* _WHAT NEEDS TO BE DONE_: Range to reproduce from the entries below: the line with "for m :: nat", the line with "proof (rule ccontr)", and every line in between. Give them exactly and give nothing else.

* _DATA IN THIS EXERCISE_:

lemma abs_suminf_geometric_tail_le:
  fixes b :: "nat \<Rightarrow> real"
  assumes b: "\<And>n. \<bar>b n\<bar> \<le> 1"
  shows "\<bar>\<Sum>n. (1 / 10) ^ (n + Suc m) * b n\<bar> \<le> (1 / 10) ^ m / 9"
proof -
  have geom: "(\<lambda>n. (1 / 10 :: real) ^ (n + Suc m)) sums ((1 / 10) ^ m / 9)"
    using sums_mult[OF geometric_sums[of "1 / 10 :: real"], of "(1 / 10) ^ Suc m"]
    by (simp add: power_add mult.commute)
  have le: "\<bar>(1 / 10) ^ (n + Suc m) * b n\<bar> \<le> (1 / 10 :: real) ^ (n + Suc m)" for n
    using b[of n] by (simp add: abs_mult mult_left_le)
  have "summable (\<lambda>n. \<bar>(1 / 10) ^ (n + Suc m) * b n\<bar>)"
    by (rule summable_comparison_test'[OF sums_summable[OF geom]])
       (simp only: real_norm_def abs_abs le)
  then have "\<bar>\<Sum>n. (1 / 10) ^ (n + Suc m) * b n\<bar> \<le> (\<Sum>n. \<bar>(1 / 10) ^ (n + Suc m) * b n\<bar>)"
    by (rule summable_rabs)
  also have "\<dots> \<le> (1 / 10) ^ m / 9"
    using suminf_le[OF le _ sums_summable[OF geom]] \<open>summable _\<close> geom by (simp add: sums_iff)
  finally show ?thesis .
qed

lemma abs_sum_lacunary_head_le:
  fixes w \<theta> :: "nat \<Rightarrow> real"
  assumes w: "\<And>k. 0 < w k" and ratio: "\<And>k. k < m \<Longrightarrow> w m \<le> (1 / 10) ^ m / (400 * (real m + 1)) * w k"
    and t: "pi / (2 * w m) \<le> t"
  shows "\<bar>\<Sum>k<m. (1 / 10) ^ k * cos_mean (w k) (\<theta> k) t\<bar> \<le> (1 / 10) ^ m / 100"
proof -
  have "pi \<le> 2 * w m * t"
    using t w[of m] by (simp add: field_simps)
  then have wt: "1 \<le> 2 * w m * t"
    using pi_gt3 by linarith
  then have "0 < 2 * w m * t"
    by linarith
  then have t_pos: "0 < t"
    using w[of m] by (simp add: zero_less_mult_iff)
  have scale: "4 * (x / (400 * (real m + 1))) = x / (100 * (real m + 1))" for x :: real
    by (simp add: field_simps)
  have sum_le: "real m * (x / (100 * (real m + 1))) \<le> x / 100" if "0 \<le> x" for x :: real
    using that by (simp add: field_simps)
  have term_le: "\<bar>(1 / 10) ^ k * cos_mean (w k) (\<theta> k) t\<bar> \<le> (1 / 10) ^ m / (100 * (real m + 1))"
    if "k < m" for k
  proof -
    have "\<bar>(1 / 10) ^ k * cos_mean (w k) (\<theta> k) t\<bar> \<le> \<bar>cos_mean (w k) (\<theta> k) t\<bar>"
      by (simp add: abs_mult mult_left_le_one_le power_le_one)
    also have "\<dots> \<le> 2 / (w k * t)"
      using abs_cos_mean_le[of "w k" t "\<theta> k"] w[of k] t_pos by simp
    also have "\<dots> \<le> 4 * (w m / w k)"
      using wt w[of k] t_pos by (simp add: field_simps)
    also have "w m / w k \<le> (1 / 10) ^ m / (400 * (real m + 1))"
      by (subst pos_divide_le_eq[OF w[of k]]) (rule ratio[OF that])
    also have "4 * ((1 / 10) ^ m / (400 * (real m + 1))) =
        (1 / 10 :: real) ^ m / (100 * (real m + 1))"
      by (rule scale)
    finally show ?thesis by simp
  qed
  have "\<bar>\<Sum>k<m. (1 / 10) ^ k * cos_mean (w k) (\<theta> k) t\<bar> \<le> (\<Sum>k<m. (1 / 10) ^ m / (100 * (real m + 1)))"
    by (rule order_trans[OF sum_abs sum_mono]) (simp only: lessThan_iff term_le)
  also have "\<dots> = real m * ((1 / 10) ^ m / (100 * (real m + 1)))"
    by simp
  also have "\<dots> \<le> (1 / 10) ^ m / 100"
    using sum_le[of "(1 / 10) ^ m"] by simp
  finally show ?thesis .
qed

lemma lacunary_cos_mean_series_large:
  fixes w \<theta> :: "nat \<Rightarrow> real"
  assumes w: "\<And>k. 0 < w k" and ratio: "\<And>k. k < m \<Longrightarrow> w m \<le> (1 / 10) ^ m / (400 * (real m + 1)) * w k"
  shows "\<exists>t \<ge> pi / (2 * w m). (1 / 10) ^ m / 25 \<le> \<bar>\<Sum>k. (1 / 10) ^ k * cos_mean (w k) (\<theta> k) t\<bar>"
proof -
  obtain t where t: "t \<in> {pi / w m, pi / (2 * w m)}" and large: "1 / 6 \<le> \<bar>cos_mean (w m) (\<theta> m) t\<bar>"
    using cos_mean_large[of "w m" "\<theta> m"] w[of m] by auto
  have "pi / (2 * w m) \<le> pi / w m"
    using w[of m] by (intro divide_left_mono) auto
  with t have t_ge: "pi / (2 * w m) \<le> t"
    by auto
  define f where "f k = (1 / 10) ^ k * cos_mean (w k) (\<theta> k) t" for k
  have "summable f"
    unfolding f_def
    by (rule summable_comparison_test'[OF summable_geometric[of "1 / 10 :: real"]])
       (simp_all add: abs_mult abs_cos_mean_le_1 mult_left_le)
  then have split: "(\<Sum>k. f k) = (\<Sum>n. f (n + Suc m)) + (\<Sum>k<m. f k) + f m"
    using suminf_split_initial_segment[of f "Suc m"] by simp
  have "\<bar>\<Sum>n. f (n + Suc m)\<bar> \<le> (1 / 10) ^ m / 9"
    unfolding f_def by (rule abs_suminf_geometric_tail_le) (rule abs_cos_mean_le_1)
  moreover have "\<bar>\<Sum>k<m. f k\<bar> \<le> (1 / 10) ^ m / 100"
    unfolding f_def by (rule abs_sum_lacunary_head_le[where w = w, OF w ratio t_ge])
  moreover have "(1 / 10) ^ m / 6 \<le> \<bar>f m\<bar>"
    using mult_left_mono[OF large, of "(1 / 10) ^ m"] by (simp add: f_def abs_mult)
  ultimately have "(1 / 10) ^ m / 25 \<le> \<bar>\<Sum>k. f k\<bar>"
    unfolding split by linarith
  with t_ge show ?thesis
    unfolding f_def by blast
qed

lemma birkhoff_avg_lacunary_wave_series_large:
  fixes P Q :: "nat \<Rightarrow> int" and c :: real
  defines "d k \<equiv> of_int (Q k) * c - of_int (P k)"
  assumes d: "\<And>k. 0 < d k" and ratio: "\<And>k. k < m \<Longrightarrow> d m \<le> (1 / 10) ^ m / (400 * (real m + 1)) * d k"
  shows "\<exists>t \<ge> 1 / (4 * d m).
    (1 / 10) ^ m / 25 \<le> \<bar>birkhoff_avg c (wave_series (\<lambda>k. (1 / 10) ^ k) P Q) t z\<bar>"
proof -
  define w where "w k = 2 * pi * d k" for k
  define \<theta> where "\<theta> k = 2 * pi * (of_int (Q k) * snd z - of_int (P k) * fst z)" for k
  have w: "0 < w k" for k
    using d[of k] by (simp add: w_def)
  have w_ratio: "w m \<le> (1 / 10) ^ m / (400 * (real m + 1)) * w k" if "k < m" for k
    using mult_left_mono[OF ratio[OF that], of "2 * pi"] by (simp add: w_def mult.left_commute)
  obtain t where t: "pi / (2 * w m) \<le> t"
    and large: "(1 / 10) ^ m / 25 \<le> \<bar>\<Sum>k. (1 / 10) ^ k * cos_mean (w k) (\<theta> k) t\<bar>"
    using lacunary_cos_mean_series_large[of w m \<theta>, OF w w_ratio] by blast
  have t_ge: "1 / (4 * d m) \<le> t"
    using t d[of m] by (simp add: w_def)
  have "0 < pi / (2 * w m)"
    using w[of m] by simp
  with t have "0 < t"
    by linarith
  have PQ: "of_int (Q k) * c \<noteq> of_int (P k)" for k
    using d[of k] by (simp add: d_def)
  have "(\<lambda>k. (1 / 10) ^ k * cos_mean (w k) (\<theta> k) t)
      sums birkhoff_avg c (wave_series (\<lambda>k. (1 / 10) ^ k) P Q) t z"
    unfolding w_def \<theta>_def d_def
    by (rule birkhoff_avg_wave_series) (simp_all add: \<open>0 < t\<close> PQ)
  with t_ge large show ?thesis
    by (auto simp: sums_iff)
qed

lemma lacunary_subsequence:
  fixes d \<delta> \<epsilon> :: "nat \<Rightarrow> real"
  assumes d: "d \<longlonglongrightarrow> 0" and pos: "eventually (\<lambda>j. 0 < d j \<and> G j) sequentially"
    and \<delta>: "\<And>m. 0 < \<delta> m" and \<epsilon>: "\<And>m. 0 < \<epsilon> m" "\<And>m. \<epsilon> m \<le> 1"
  obtains N where "\<And>m. 0 < d (N m)" "\<And>m. G (N m)" "\<And>m. d (N m) \<le> \<delta> m"
    and "\<And>k m. k < m \<Longrightarrow> d (N m) \<le> \<epsilon> m * d (N k)"
proof -
  define good where "good m j \<longleftrightarrow> 0 < d j \<and> G j \<and> d j \<le> \<delta> m" for m j
  have small: "\<exists>j. good m j \<and> d j \<le> B" if "0 < B" for m B
  proof -
    have "eventually (\<lambda>j. good m j \<and> d j \<le> B) sequentially"
      using pos order_tendstoD(2)[OF d \<delta>[of m]] order_tendstoD(2)[OF d that]
      by eventually_elim (auto simp: good_def)
    then show ?thesis
      by (rule eventually_happens'[OF sequentially_bot])
  qed
  have "\<exists>N. \<forall>m. good m (N m) \<and> d (N (Suc m)) \<le> \<epsilon> (Suc m) * d (N m)"
  proof (rule dependent_nat_choice)
    show "\<exists>j. good 0 j"
      using small[of 1] by auto
  next
    fix j m
    assume "good m j"
    then have "0 < \<epsilon> (Suc m) * d j"
      using \<epsilon>(1) by (simp add: good_def)
    then show "\<exists>j'. good (Suc m) j' \<and> d j' \<le> \<epsilon> (Suc m) * d j"
      by (rule small)
  qed
  then obtain N where good: "\<And>m. good m (N m)" and step: "\<And>m. d (N (Suc m)) \<le> \<epsilon> (Suc m) * d (N m)"
    by blast
  have ratio: "d (N m) \<le> \<epsilon> m * d (N k)" if "k < m" for k m
    using that
  proof (induction m)
    case (Suc m)
    have "d (N m) \<le> d (N k)"
    proof (cases "k = m")
      case False
      with Suc have "d (N m) \<le> \<epsilon> m * d (N k)"
        by simp
      also have "\<dots> \<le> d (N k)"
        using \<epsilon>(2)[of m] good[of k] by (simp add: good_def mult_left_le_one_le)
      finally show ?thesis .
    qed simp
    then have "\<epsilon> (Suc m) * d (N m) \<le> \<epsilon> (Suc m) * d (N k)"
      using \<epsilon>(1)[of "Suc m"] by simp
    with step[of m] show ?case
      by linarith
  qed simp
  show ?thesis
    using good ratio by (intro that) (auto simp: good_def)
qed

lemma lacunary_wave_series_large_averages:
  fixes p q :: "nat \<Rightarrow> int" and c :: real and T :: "nat \<Rightarrow> real"
  assumes "(\<lambda>j. of_int (q j) * c - of_int (p j)) \<longlonglongrightarrow> 0"
    and "eventually (\<lambda>j. 0 < of_int (q j) * c - of_int (p j) \<and> q j \<noteq> 0) sequentially"
  obtains N where "\<And>m. q (N m) \<noteq> 0"
    and "\<And>m z. \<exists>t \<ge> T m. (1 / 10) ^ m / 25 \<le>
      \<bar>birkhoff_avg c (wave_series (\<lambda>k. (1 / 10) ^ k) (p \<circ> N) (q \<circ> N)) t z\<bar>"
proof -
  define d where "d j = of_int (q j) * c - of_int (p j)" for j
  obtain N where d_pos: "\<And>m. 0 < d (N m)" and q_nz: "\<And>m. q (N m) \<noteq> 0"
    and d_small: "\<And>m. d (N m) \<le> 1 / (4 * (\<bar>T m\<bar> + 1))"
    and ratio: "\<And>k m. k < m \<Longrightarrow> d (N m) \<le> (1 / 10) ^ m / (400 * (real m + 1)) * d (N k)"
  proof (rule lacunary_subsequence[where \<delta> = "\<lambda>m. 1 / (4 * (\<bar>T m\<bar> + 1))"
        and \<epsilon> = "\<lambda>m. (1 / 10) ^ m / (400 * (real m + 1))"])
    show "d \<longlonglongrightarrow> 0" and "eventually (\<lambda>j. 0 < d j \<and> q j \<noteq> 0) sequentially"
      using assms by (simp_all add: d_def[abs_def])
    show "(1 / 10) ^ m / (400 * (real m + 1)) \<le> 1" for m :: nat
      using power_le_one[of "1 / 10 :: real" m] by (simp add: divide_le_eq_1)
  qed (blast intro: that | simp)+
  have "\<exists>t \<ge> T m. (1 / 10) ^ m / 25 \<le>
      \<bar>birkhoff_avg c (wave_series (\<lambda>k. (1 / 10) ^ k) (p \<circ> N) (q \<circ> N)) t z\<bar>" for m z
  proof -
    obtain t where t: "1 / (4 * d (N m)) \<le> t"
      and large: "(1 / 10) ^ m / 25 \<le>
        \<bar>birkhoff_avg c (wave_series (\<lambda>k. (1 / 10) ^ k) (p \<circ> N) (q \<circ> N)) t z\<bar>"
      using birkhoff_avg_lacunary_wave_series_large[of "q \<circ> N" c "p \<circ> N" m z] d_pos ratio
      by (auto simp: d_def)
    have "\<bar>T m\<bar> + 1 \<le> 1 / (4 * d (N m))"
      using d_small[of m] d_pos[of m] by (simp add: field_simps)
    with t large show ?thesis
      by (intro exI[of _ t]) auto
  qed
  with q_nz that show ?thesis
    by blast
qed

lemma Limsup_at_top_eq_PInfty:
  fixes g :: "real \<Rightarrow> real"
  assumes "\<And>m :: nat. \<exists>t \<ge> real m. real m \<le> g t"
  shows "Limsup at_top (\<lambda>t. ereal (g t)) = \<infinity>"
proof (rule ccontr)
  assume "Limsup at_top (\<lambda>t. ereal (g t)) \<noteq> \<infinity>"
  then obtain y :: real where "Limsup at_top (\<lambda>t. ereal (g t)) < ereal y"
    using less_PInf_Ex_of_nat by blast
  then have "eventually (\<lambda>t. g t < y) at_top"
    by (auto dest: Limsup_lessD)
  then obtain T where T: "\<And>t. T \<le> t \<Longrightarrow> g t < y"
    unfolding eventually_at_top_linorder by blast
  obtain m :: nat where "max T y < real m"
    using reals_Archimedean2 by blast
  moreover obtain t where "real m \<le> t" "real m \<le> g t"
    using assms by blast
  ultimately show False
    using T[of t] by linarith
qed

* _WORKED SOLUTION_:
    show "(1 / 10) ^ m / (400 * (real m + 1)) \<le> 1" for m :: nat
      using power_le_one[of "1 / 10 :: real" m] by (simp add: divide_le_eq_1)
  qed (blast intro: that | simp)+
  have "\<exists>t \<ge> T m. (1 / 10) ^ m / 25 \<le>
      \<bar>birkhoff_avg c (wave_series (\<lambda>k. (1 / 10) ^ k) (p \<circ> N) (q \<circ> N)) t z\<bar>" for m z
  proof -
    obtain t where t: "1 / (4 * d (N m)) \<le> t"
      and large: "(1 / 10) ^ m / 25 \<le>
        \<bar>birkhoff_avg c (wave_series (\<lambda>k. (1 / 10) ^ k) (p \<circ> N) (q \<circ> N)) t z\<bar>"
      using birkhoff_avg_lacunary_wave_series_large[of "q \<circ> N" c "p \<circ> N" m z] d_pos ratio
      by (auto simp: d_def)
    have "\<bar>T m\<bar> + 1 \<le> 1 / (4 * d (N m))"
      using d_small[of m] d_pos[of m] by (simp add: field_simps)
    with t large show ?thesis
      by (intro exI[of _ t]) auto
  qed
  with q_nz that show ?thesis
    by blast
qed

lemma Limsup_at_top_eq_PInfty:
  fixes g :: "real \<Rightarrow> real"
  assumes "\<And>m :: nat. \<exists>t \<ge> real m. real m \<le> g t"
  shows "Limsup at_top (\<lambda>t. ereal (g t)) = \<infinity>"
proof (rule ccontr)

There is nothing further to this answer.